_Requirement_. If a line of the data below holds the word "then", list it.

_Materials provided_.
lemma second_countable_top_of_set_compact:
  fixes M :: "'m::metric_space set"
  assumes "compact M"
  shows "second_countable (top_of_set M)"
proof -
  have "\<exists>N. finite N \<and> M \<subseteq> (\<Union>x\<in>N. ball x (1 / real (Suc m)))" for m
    using assms unfolding compact_eq_totally_bounded by simp
  then obtain N where N: "\<And>m. finite (N m)" "\<And>m. M \<subseteq> (\<Union>x\<in>N m. ball x (1 / real (Suc m)))"
    by metis
  define \<B> where "\<B> = (\<Union>m. (\<lambda>x. M \<inter> ball x (1 / real (Suc m))) ` N m)"
  show ?thesis
    unfolding second_countable_def
  proof (intro exI[of _ \<B>] conjI ballI allI impI)
    show "countable \<B>"
      unfolding \<B>_def using N(1) by (intro countable_UN) (auto intro: countable_finite)
    show "openin (top_of_set M) B" if "B \<in> \<B>" for B
      using that by (auto simp: \<B>_def intro: openin_open_Int)
    fix U k assume U: "openin (top_of_set M) U \<and> k \<in> U"
    obtain r where "0 < r" "ball k r \<inter> M \<subseteq> U"
      using U unfolding openin_contains_ball by blast
    obtain m where m: "1 / real (Suc m) < r / 2"
      using reals_Archimedean[of "r/2"] \<open>0 < r\<close> by (metis half_gt_zero inverse_eq_divide)
    have "k \<in> M" using U unfolding openin_contains_ball by blast
    then obtain x where x: "x \<in> N m" "k \<in> ball x (1 / real (Suc m))"
      using N(2)[of m] by blast
    define B where "B = M \<inter> ball x (1 / real (Suc m))"
    have "B \<subseteq> ball k r"
    proof
      fix y assume "y \<in> B"
      then have "dist x y < 1 / real (Suc m)" by (simp add: B_def)
      moreover have "dist x k < 1 / real (Suc m)" using x(2) by simp
      ultimately have "dist k y < r"
        using m dist_triangle[of k y x] by (simp add: dist_commute)
      then show "y \<in> ball k r" by simp
    qed
    then have "B \<subseteq> U" using \<open>ball k r \<inter> M \<subseteq> U\<close> by (auto simp: B_def)
    moreover have "k \<in> B" using x(2) \<open>k \<in> M\<close> by (simp add: B_def)
    moreover have "B \<in> \<B>" using x(1) by (auto simp: B_def \<B>_def)
    ultimately show "\<exists>B\<in>\<B>. k \<in> B \<and> B \<subseteq> U" by blast
  qed
qed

_Written response_.
  then obtain N where N: "\<And>m. finite (N m)" "\<And>m. M \<subseteq> (\<Union>x\<in>N m. ball x (1 / real (Suc m)))"
    then obtain x where x: "x \<in> N m" "k \<in> ball x (1 / real (Suc m))"
      then have "dist x y < 1 / real (Suc m)" by (simp add: B_def)
      then show "y \<in> ball k r" by simp
    then have "B \<subseteq> U" using \<open>ball k r \<inter> M \<subseteq> U\<close> by (auto simp: B_def)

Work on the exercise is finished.